Nationalists have labelled President Tadic a "traitor"
Serbian President Boris Tadic has said Belgrade will fulfil its international obligations to arrest remaining war crime suspects wanted by a UN tribunal.
It was the first time Mr Tadic had spoke on the issue since the arrest and extradition last month of the former Bosnian Serb leader, Radovan Karadzic.
He vowed to track down Mr Karadzic's military commander, Ratko Mladic, and ex-Croatian Serb leader Goran Hadzic.
They are wanted for their alleged role in war crimes during the Bosnian war.
At a press conference, Mr Tadic said his country would co-operate fully with the UN war crimes tribunal in The Hague, and that there was no need for any "additional pressure".
"All those who have the idea to put additional pressure on Serbia are knocking on open doors, because not only has Serbia shown its will and determination but it also has made concrete steps related to this co-operation," he told reporters.

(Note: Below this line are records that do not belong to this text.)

(* Let $k\geq 2$ and $\ell\geq 2$ be integers. Let $G(k,\ell)$ be the graph obtained from the disjoint union of $\ell$ copies $K(1),\dots,K(\ell)$ of $K_{2k}$, where the vertex set of each $K(i)$ is partitioned into two sets $L(i)$ and $R(i)$ of size $k$, by adding, for every $i\in\{1,\dots,\ell\}$ (indices modulo $\ell$), a perfect matching $M(i)$ between $R(i)$ and $L(i+1)$. Let $G'(k,\ell)$ be obtained from $G(k,\ell)$ by adding, for every $i$ (indices modulo $\ell$), a further perfect matching between $R(i)$ and $L(i+1)$ that is edge-disjoint from $M(i)$. Then $G(k,\ell)$ is a connected $2k$-regular graph and $G'(k,\ell)$ is a connected $(2k+1)$-regular graph, and both satisfy $2\alpha=\mathrm{diss}$, i.e. $2\alpha(G(k,\ell))=\mathrm{diss}(G(k,\ell))=2\ell$ and $2\alpha(G'(k,\ell))=\mathrm{diss}(G'(k,\ell))=2\ell$.
   Context: All graphs are finite, simple and undirected. $\alpha(G)$ is the independence number. A set $D$ of vertices is a dissociation set if the induced subgraph $G[D]$ has maximum degree at most $1$; $\mathrm{diss}(G)$ is the maximum order of a dissociation set. *)

theory Defs
  imports Main
begin

text \<open>A finite simple graph is given by a vertex set V and a symmetric irreflexive
adjacency relation E (only its restriction to V matters).\<close>

definition indep_set :: "'a set \<Rightarrow> ('a \<Rightarrow> 'a \<Rightarrow> bool) \<Rightarrow> 'a set \<Rightarrow> bool" where
  "indep_set V E S \<longleftrightarrow> S \<subseteq> V \<and> (\<forall>x\<in>S. \<forall>y\<in>S. \<not> E x y)"

definition dissoc_set :: "'a set \<Rightarrow> ('a \<Rightarrow> 'a \<Rightarrow> bool) \<Rightarrow> 'a set \<Rightarrow> bool" where
  "dissoc_set V E D \<longleftrightarrow> D \<subseteq> V \<and> (\<forall>x\<in>D. card {y\<in>D. E x y} \<le> 1)"

definition alpha :: "'a set \<Rightarrow> ('a \<Rightarrow> 'a \<Rightarrow> bool) \<Rightarrow> nat" where
  "alpha V E = Max {card S | S. indep_set V E S}"

definition diss :: "'a set \<Rightarrow> ('a \<Rightarrow> 'a \<Rightarrow> bool) \<Rightarrow> nat" where
  "diss V E = Max {card D | D. dissoc_set V E D}"

definition regular :: "'a set \<Rightarrow> ('a \<Rightarrow> 'a \<Rightarrow> bool) \<Rightarrow> nat \<Rightarrow> bool" where
  "regular V E d \<longleftrightarrow> (\<forall>v\<in>V. card {u\<in>V. E v u} = d)"

definition connected_graph :: "'a set \<Rightarrow> ('a \<Rightarrow> 'a \<Rightarrow> bool) \<Rightarrow> bool" where
  "connected_graph V E \<longleftrightarrow> V \<noteq> {} \<and>
     (\<forall>u\<in>V. \<forall>v\<in>V. (\<lambda>x y. x \<in> V \<and> y \<in> V \<and> E x y)\<^sup>*\<^sup>* u v)"

text \<open>Vertices of G(k,l): (i, s, j) with i < l the copy index, s = False for L(i),
 s = True for R(i), and j < k the position inside L(i) resp. R(i).\<close>

definition GV :: "nat \<Rightarrow> nat \<Rightarrow> (nat \<times> bool \<times> nat) set" where
  "GV k l = {(i, s, j). i < l \<and> j < k}"

definition clique_adj :: "nat \<times> bool \<times> nat \<Rightarrow> nat \<times> bool \<times> nat \<Rightarrow> bool" where
  "clique_adj u v \<longleftrightarrow> u \<noteq> v \<and> fst u = fst v"

text \<open>Matching edges given by bijections \<sigma> i : R(i) \<rightarrow> L(i+1 mod l): (i,R,j) -- (i+1 mod l, L, \<sigma> i j).
 Symmetrised.\<close>
definition match_adj :: "nat \<Rightarrow> (nat \<Rightarrow> nat \<Rightarrow> nat) \<Rightarrow> nat \<times> bool \<times> nat \<Rightarrow> nat \<times> bool \<times> nat \<Rightarrow> bool" where
  "match_adj l \<sigma> u v \<longleftrightarrow>
     (\<exists>i j. u = (i, True, j) \<and> v = (Suc i mod l, False, \<sigma> i j)) \<or>
     (\<exists>i j. v = (i, True, j) \<and> u = (Suc i mod l, False, \<sigma> i j))"

definition G_adj :: "nat \<Rightarrow> (nat \<Rightarrow> nat \<Rightarrow> nat) \<Rightarrow> nat \<times> bool \<times> nat \<Rightarrow> nat \<times> bool \<times> nat \<Rightarrow> bool" where
  "G_adj l \<sigma> u v \<longleftrightarrow> clique_adj u v \<or> match_adj l \<sigma> u v"

definition G'_adj :: "nat \<Rightarrow> (nat \<Rightarrow> nat \<Rightarrow> nat) \<Rightarrow> (nat \<Rightarrow> nat \<Rightarrow> nat) \<Rightarrow>
    nat \<times> bool \<times> nat \<Rightarrow> nat \<times> bool \<times> nat \<Rightarrow> bool" where
  "G'_adj l \<sigma> \<tau> u v \<longleftrightarrow> G_adj l \<sigma> u v \<or> match_adj l \<tau> u v"

end

theory Submission
  imports Defs
begin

Eleven counts of genocide, war crimes, crimes against humanity and other atrocities
Charged over shelling Sarajevo during the city's siege, in which some 12,000 civilians died
Allegedly organised the massacre of up to 8,000 Bosniak men and youths in Srebrenica
Targeted Bosniak and Croat political leaders, intellectuals and professionals
Unlawfully deported and transferred civilians because of national or religious identity
Destroyed homes, businesses and sacred sites
The arrest of Mr Karadzic, 63, and other indicted war criminals is one of the main conditions of Serbian progress towards joining the European Union.
Mr Tadic said: "Today nobody can tell Serbia it is avoiding international justice and it does not respect international law."
He praised Serbia's security forces for "doing their job". His comments come despite death threats by nationalists, who have denounced Mr Tadic as "a traitor".
Radovan Karadzic was arrested in Belgrade on 21 July after more than a decade on the run, and was extradited to the International Criminal Tribunal for the former Yugoslavia (ICTY).
He faces 11 counts of war crimes including genocide for his alleged role during the Bosnian conflict of the early 1990s.
The UN says Mr Karadzic's forces killed up to 8,000 Bosniak men and boys from Srebrenica in July 1995 as part of a campaign to "terrorise and demoralise the Bosnian Muslim and Bosnian Croat population".
He has also been charged over the shelling of Sarajevo, and the use of 284 UN peacekeepers as human shields in May and June 1995.
Mr Karadzic has denied the charges against him and refused to recognise the legitimacy of the UN tribunal.
Serbian officials said details of Mr Karadzic's capture were being withheld, as the authorities were planning to use "operational data" to track the two main war crimes suspects still at large, Gen Mladic and Goran Hadzic.